Activity:
Copy out the first line of the listing and every line after it, exactly, until you have copied the line containing "(W *v x) \<le>".
═══ Records supplied ═══
(* |W x|^2 = <x, W^2 x> is bounded by the top eigenvalue of W^2, and a common
   eigenvector of W and W^2 shows that it is mu^2 for an eigenvalue mu of W. *)
lemma spec_norm_symmetric_le:
  fixes W :: "real^'n^'n"
  assumes sym: "transpose W = W" and bound: "\<And>\<mu>. \<mu> \<in> eigenvalues W \<Longrightarrow> \<bar>\<mu>\<bar> \<le> M"
  shows "spec_norm W \<le> M"
proof -
  have "transpose (W ** W) = W ** W"
    by (simp add: matrix_transpose_mul sym)
  then obtain u l where u: "u \<noteq> 0" "(W ** W) *v u = l *\<^sub>R u"
    and max: "\<And>y. inner y ((W ** W) *v y) \<le> l * inner y y"
    using symmetric_matrix_max_eigenvector by blast
  have "W ** (W ** W) = (W ** W) ** W"
    by (simp add: matrix_mul_assoc)
  then obtain v \<mu> where v: "v \<noteq> 0" "(W ** W) *v v = l *\<^sub>R v" "W *v v = \<mu> *\<^sub>R v"
    using commuting_symmetric_common_eigenvector[OF sym _ u] by blast
  have "l *\<^sub>R v = \<mu>\<^sup>2 *\<^sub>R v"
    using v by (simp add: matrix_vector_mul_assoc[symmetric] matrix_vector_mult_scaleR
        power2_eq_square)
  then have l: "l = \<mu>\<^sup>2"
    using v(1) by simp
  have "\<bar>\<mu>\<bar> \<le> M"
    using v by (intro bound) (auto simp: eigenvalues_def)
  show ?thesis
  proof (rule spec_norm_le)
    fix x
    have "(norm (W *v x))\<^sup>2 = inner x ((W ** W) *v x)"
      using inner_symmetric_matrix[OF sym, of "W *v x" x]
      by (simp add: power2_norm_eq_inner matrix_vector_mul_assoc[symmetric]
          inner_commute[of x "W *v (W *v x)"])
    also have "\<dots> \<le> \<mu>\<^sup>2 * (norm x)\<^sup>2"
      using max[of x] by (simp only: l power2_norm_eq_inner)
    also have "\<dots> = (\<bar>\<mu>\<bar> * norm x)\<^sup>2"
      by (simp add: power_mult_distrib)
    also have "\<dots> \<le> (M * norm x)\<^sup>2"
      using \<open>\<bar>\<mu>\<bar> \<le> M\<close> by (intro power_mono mult_right_mono) auto
    finally have "(norm (W *v x))\<^sup>2 \<le> (M * norm x)\<^sup>2" .
    moreover have "0 \<le> M * norm x"
      using \<open>\<bar>\<mu>\<bar> \<le> M\<close> abs_ge_zero[of \<mu>] by simp
    ultimately show "norm (W *v x) \<le> M * norm x"
      by (rule power2_le_imp_le)
  qed
qed

lemma eigenvalues_gram_nonneg:
  fixes B :: "real^'n^'m"
  assumes "\<mu> \<in> eigenvalues (transpose B ** B)"
  shows "0 \<le> \<mu>"
proof -
  obtain v where "v \<noteq> 0" "(transpose B ** B) *v v = \<mu> *\<^sub>R v"
    using assms by (auto simp: eigenvalues_def)
  then have "\<mu> * inner v v = (norm (B *v v))\<^sup>2" and "0 < inner v v"
    using inner_gram_matrix[of v B] by simp_all
  then show ?thesis
    by (metis zero_le_power2 zero_le_mult_iff not_le)
qed

lemma spec_norm_le_if_gram_eigenvalues_le:
  fixes B :: "real^'n^'m"
  assumes bound: "\<And>\<mu>. \<mu> \<in> eigenvalues (transpose B ** B) \<Longrightarrow> \<mu> \<le> c\<^sup>2" and "0 \<le> c"
  shows "spec_norm B \<le> c"
proof (rule spec_norm_le)
  have gram: "spec_norm (transpose B ** B) \<le> c\<^sup>2"
  proof (rule spec_norm_symmetric_le)
    show "transpose (transpose B ** B) = transpose B ** B"
      by (simp add: matrix_transpose_mul)
    show "\<bar>\<mu>\<bar> \<le> c\<^sup>2" if "\<mu> \<in> eigenvalues (transpose B ** B)" for \<mu>
      using bound[OF that] eigenvalues_gram_nonneg[OF that] by simp
  qed
  fix x
  have "(norm (B *v x))\<^sup>2 \<le> norm x * norm ((transpose B ** B) *v x)"
    unfolding inner_gram_matrix[symmetric] by (rule norm_cauchy_schwarz)
  also have "\<dots> \<le> norm x * (c\<^sup>2 * norm x)"
    using norm_matrix_vector_le[of "transpose B ** B" x] mult_right_mono[OF gram norm_ge_zero[of x]]
    by (intro mult_left_mono) auto
  also have "\<dots> = (c * norm x)\<^sup>2"
    by (simp add: power2_eq_square)
  finally show "norm (B *v x) \<le> c * norm x"
    by (rule power2_le_imp_le) (simp add: \<open>0 \<le> c\<close>)
qed

(* The matrix is H^2 - H for H = B B^T, and B^T maps eigenvectors of H with nonzero
   eigenvalue to eigenvectors of B^T B. *)
lemma eigenvalues_gram_defect:
  fixes B :: "real^'r^'n"
  assumes "\<kappa> \<in> eigenvalues (B ** (transpose B ** B - mat 1) ** transpose B)"
  shows "\<kappa> = 0 \<or> (\<exists>\<mu>\<in>eigenvalues (transpose B ** B). \<kappa> = \<mu> * (\<mu> - 1))"
proof -
  define H where "H = B ** transpose B"
  have W: "B ** (transpose B ** B - mat 1) ** transpose B = H ** H - H"
    by (simp add: H_def matrix_diff_ldistrib matrix_diff_rdistrib matrix_mul_assoc)
  have "transpose H = H"
    by (simp add: H_def matrix_transpose_mul)
  moreover have "H ** (H ** H - H) = (H ** H - H) ** H"
    by (simp add: matrix_diff_ldistrib matrix_diff_rdistrib matrix_mul_assoc)
  moreover obtain v where "v \<noteq> 0" "(H ** H - H) *v v = \<kappa> *\<^sub>R v"
    using assms W by (auto simp: eigenvalues_def)
  ultimately obtain u \<nu> where u: "u \<noteq> 0" "(H ** H - H) *v u = \<kappa> *\<^sub>R u" "H *v u = \<nu> *\<^sub>R u"
    by (rule commuting_symmetric_common_eigenvector)
  have "(H ** H - H) *v u = (\<nu> * (\<nu> - 1)) *\<^sub>R u"
    using u(3) by (simp add: matrix_vector_mult_diff_rdistrib matrix_vector_mul_assoc[symmetric]
        matrix_vector_mult_scaleR algebra_simps)
  with u(1,2) have \<kappa>: "\<kappa> = \<nu> * (\<nu> - 1)"
    by simp
  show ?thesis
  proof (cases "\<nu> = 0")
    case False
    define w where "w = transpose B *v u"
    have Bw: "B *v w = \<nu> *\<^sub>R u"
      using u(3) unfolding w_def H_def by (simp only: matrix_vector_mul_assoc)
    then have "(transpose B ** B) *v w = transpose B *v (\<nu> *\<^sub>R u)"
      by (simp only: matrix_vector_mul_assoc[symmetric])
    then have "(transpose B ** B) *v w = \<nu> *\<^sub>R w"
      by (simp add: w_def matrix_vector_mult_scaleR)
    moreover have "w \<noteq> 0"
      using Bw False u(1) by auto
    ultimately show ?thesis
      using \<kappa> by (auto simp: eigenvalues_def)
  qed (simp add: \<kappa>)
qed

lemma spec_norm_gram_defect_le:
  fixes B :: "real^'r^'n"
  shows "spec_norm (B ** (transpose B ** B - mat 1) ** transpose B)
    \<le> Max ((\<lambda>\<mu>. \<bar>\<mu> * (\<mu> - 1)\<bar>) ` eigenvalues (transpose B ** B))"
    (is "_ \<le> Max (?f ` ?E)")
proof (rule spec_norm_symmetric_le)
  have "transpose (transpose B ** B) = transpose B ** B"
    by (simp add: matrix_transpose_mul)
  then have "finite ?E" and "?E \<noteq> {}"
    using finite_eigenvalues_symmetric eigenvalues_symmetric_nonempty by blast+
  then have "0 \<le> Max (?f ` ?E)" and "\<And>\<mu>. \<mu> \<in> ?E \<Longrightarrow> ?f \<mu> \<le> Max (?f ` ?E)"
    by (auto simp: Max_ge_iff)
  then show "\<bar>\<kappa>\<bar> \<le> Max (?f ` ?E)"
    if "\<kappa> \<in> eigenvalues (B ** (transpose B ** B - mat 1) ** transpose B)" for \<kappa>
    using eigenvalues_gram_defect[OF that] by auto
  show "transpose (B ** (transpose B ** B - mat 1) ** transpose B)
      = B ** (transpose B ** B - mat 1) ** transpose B"
    by (simp add: matrix_transpose_mul transpose_diff matrix_mul_assoc)
qed

lemma orthogonal_matrix_mat_1_plus:
  fixes C :: "real^'n^'n"
  assumes "orthogonal_matrix (mat 1 + C)"
  shows "transpose C ** C = - (C + transpose C)"
proof -
  have "transpose (mat 1 + C) ** (mat 1 + C) = mat 1 + (C + transpose C + transpose C ** C)"
    by (simp add: transpose_add matrix_add_ldistrib matrix_add_rdistrib algebra_simps)
  then have "C + transpose C + transpose C ** C = 0"
    using assms by (simp add: orthogonal_matrix)
  then have "transpose C ** C + (C + transpose C) = 0"
    by (simp add: add.commute add.left_commute)
  then show ?thesis
    by (rule eq_neg_iff_add_eq_0[THEN iffD2])
qed

lemma orthogonality_defect_low_rank_update:
  fixes B :: "real^'r^'n" and C :: "real^'r^'r"
  assumes "orthogonal_matrix (mat 1 + C)"
  defines "Y \<equiv> mat 1 + B ** C ** transpose B"
  shows "transpose Y ** Y - mat 1
    = B ** transpose C ** (transpose B ** B - mat 1) ** C ** transpose B"
proof -
  have CtC: "X ** transpose C ** C = - (X ** C) - X ** transpose C" for X :: "real^'r^'n"
  proof -
    have "X ** transpose C ** C = X ** (- (C + transpose C))"
      by (simp add: matrix_mul_assoc[symmetric] orthogonal_matrix_mat_1_plus[OF assms(1)])
    also have "\<dots> = - (X ** C) - X ** transpose C"
      by (simp add: matrix_mul_uminus_right matrix_diff_ldistrib)
    finally show ?thesis .
  qed
  show ?thesis
    by (simp add: Y_def transpose_add matrix_transpose_mul matrix_add_ldistrib matrix_add_rdistrib
        matrix_diff_ldistrib matrix_diff_rdistrib matrix_mul_assoc CtC matrix_mul_uminus_left
        algebra_simps)
qed

lemma spec_norm_orthogonality_defect_le:
  fixes S :: "real^'n^'n" and B :: "real^'r^'n"
  assumes skew: "transpose S = - S" and B: "spec_norm B \<le> 1"
  defines "Y \<equiv> mat 1 + B ** (mat_exp (transpose B ** S ** B) - mat 1) ** transpose B"
  shows "spec_norm (transpose Y ** Y - mat 1)
    \<le> (exp (spec_norm S) - 1)\<^sup>2 * spec_norm (B ** (transpose B ** B - mat 1) ** transpose B)"
proof -
  define s where "s = spec_norm S"
  define K where "K = transpose B ** S ** B"
  define W where "W = B ** (transpose B ** B - mat 1) ** transpose B"
  obtain P where exp_K: "mat_exp K = mat 1 + K ** P" and P: "spec_norm P \<le> exprel (spec_norm K)"
    using mat_exp_eq_mat_1_plus_mult by blast
  define Z where "Z = B ** transpose P ** transpose B ** transpose S"
  have "transpose K = - K"
    by (simp add: K_def matrix_transpose_mul skew matrix_mul_uminus_left matrix_mul_uminus_right
        matrix_mul_assoc)
  then have "orthogonal_matrix (mat 1 + K ** P)"
    by (simp only: orthogonal_matrix_mat_exp flip: exp_K)
  then have "transpose Y ** Y - mat 1
      = B ** transpose (K ** P) ** (transpose B ** B - mat 1) ** (K ** P) ** transpose B"
    unfolding Y_def K_def[symmetric] exp_K by (simp add: orthogonality_defect_low_rank_update)
  \<comment> \<open>the outer factors \<open>B\<close> of both copies of \<open>K\<close> sandwich the Gram defect into \<open>W\<close>\<close>
  also have "\<dots> = Z ** W ** transpose Z"
    by (simp add: Z_def K_def W_def matrix_transpose_mul matrix_mul_assoc)
  finally have Y: "transpose Y ** Y - mat 1 = Z ** W ** transpose Z" .
  have "spec_norm K \<le> 1 * s * 1"
    unfolding K_def s_def using B by (intro spec_norm_mult_le) (simp_all add: spec_norm_transpose)
  then have "exprel (spec_norm K) \<le> exprel s"
    by (intro exprel_mono spec_norm_nonneg) simp
  then have "spec_norm (transpose P) \<le> exprel s"
    using P by (simp add: spec_norm_transpose)
  then have "spec_norm Z \<le> 1 * exprel s * 1 * s"
    unfolding Z_def using B by (intro spec_norm_mult_le) (simp_all add: spec_norm_transpose s_def)
  also have "\<dots> = exp s - 1"
    using exp_eq_exprel[of s] by simp
  finally have "spec_norm (Z ** W ** transpose Z) \<le> (exp s - 1) * spec_norm W * (exp s - 1)"
    by (intro spec_norm_mult_le) (simp_all add: spec_norm_transpose)
  then show ?thesis
    unfolding Y by (simp add: s_def W_def power2_eq_square algebra_simps)
qed

lemma singular_values_defects_eq:
  "{\<bar>\<sigma>^2 * (\<sigma>^2 - 1)\<bar> | \<sigma>. \<sigma> \<in> singular_values B}
    = (\<lambda>\<mu>. \<bar>\<mu> * (\<mu> - 1)\<bar>) ` eigenvalues (transpose B ** B)"
proof -
  have "{\<bar>\<sigma>^2 * (\<sigma>^2 - 1)\<bar> | \<sigma>. \<sigma> \<in> singular_values B}
      = (\<lambda>\<sigma>. \<bar>\<sigma>^2 * (\<sigma>^2 - 1)\<bar>) ` sqrt ` eigenvalues (transpose B ** B)"
    unfolding singular_values_eq_sqrt_eigenvalues by blast
  also have "\<dots> = (\<lambda>\<mu>. \<bar>\<mu> * (\<mu> - 1)\<bar>) ` eigenvalues (transpose B ** B)"
    unfolding image_image using eigenvalues_gram_nonneg[of _ B] by (intro image_cong) auto
  finally show ?thesis .
qed

lemma abs_mult_minus_one_le_quarter:
  fixes \<mu> :: real
  assumes "0 \<le> \<mu>" and "\<mu> \<le> 1"
  shows "\<bar>\<mu> * (\<mu> - 1)\<bar> \<le> 1 / 4"
proof -
  have "\<mu> * (\<mu> - 1) \<le> 0"
    using assms by (simp add: mult_nonneg_nonpos)
  moreover have "0 \<le> (\<mu> - 1 / 2)\<^sup>2"
    by simp
  ultimately show ?thesis
    by (simp add: power2_eq_square algebra_simps)
qed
═══
Exercise solution:
(* |W x|^2 = <x, W^2 x> is bounded by the top eigenvalue of W^2, and a common
   eigenvector of W and W^2 shows that it is mu^2 for an eigenvalue mu of W. *)
lemma spec_norm_symmetric_le:
  fixes W :: "real^'n^'n"
  assumes sym: "transpose W = W" and bound: "\<And>\<mu>. \<mu> \<in> eigenvalues W \<Longrightarrow> \<bar>\<mu>\<bar> \<le> M"
  shows "spec_norm W \<le> M"
proof -
  have "transpose (W ** W) = W ** W"
    by (simp add: matrix_transpose_mul sym)
  then obtain u l where u: "u \<noteq> 0" "(W ** W) *v u = l *\<^sub>R u"
    and max: "\<And>y. inner y ((W ** W) *v y) \<le> l * inner y y"
    using symmetric_matrix_max_eigenvector by blast
  have "W ** (W ** W) = (W ** W) ** W"
    by (simp add: matrix_mul_assoc)
  then obtain v \<mu> where v: "v \<noteq> 0" "(W ** W) *v v = l *\<^sub>R v" "W *v v = \<mu> *\<^sub>R v"
    using commuting_symmetric_common_eigenvector[OF sym _ u] by blast
  have "l *\<^sub>R v = \<mu>\<^sup>2 *\<^sub>R v"
    using v by (simp add: matrix_vector_mul_assoc[symmetric] matrix_vector_mult_scaleR
        power2_eq_square)
  then have l: "l = \<mu>\<^sup>2"
    using v(1) by simp
  have "\<bar>\<mu>\<bar> \<le> M"
    using v by (intro bound) (auto simp: eigenvalues_def)
  show ?thesis
  proof (rule spec_norm_le)
    fix x
    have "(norm (W *v x))\<^sup>2 = inner x ((W ** W) *v x)"
      using inner_symmetric_matrix[OF sym, of "W *v x" x]
      by (simp add: power2_norm_eq_inner matrix_vector_mul_assoc[symmetric]
          inner_commute[of x "W *v (W *v x)"])
    also have "\<dots> \<le> \<mu>\<^sup>2 * (norm x)\<^sup>2"
      using max[of x] by (simp only: l power2_norm_eq_inner)
    also have "\<dots> = (\<bar>\<mu>\<bar> * norm x)\<^sup>2"
      by (simp add: power_mult_distrib)
    also have "\<dots> \<le> (M * norm x)\<^sup>2"
      using \<open>\<bar>\<mu>\<bar> \<le> M\<close> by (intro power_mono mult_right_mono) auto
    finally have "(norm (W *v x))\<^sup>2 \<le> (M * norm x)\<^sup>2" .
    moreover have "0 \<le> M * norm x"
      using \<open>\<bar>\<mu>\<bar> \<le> M\<close> abs_ge_zero[of \<mu>] by simp
    ultimately show "norm (W *v x) \<le> M * norm x"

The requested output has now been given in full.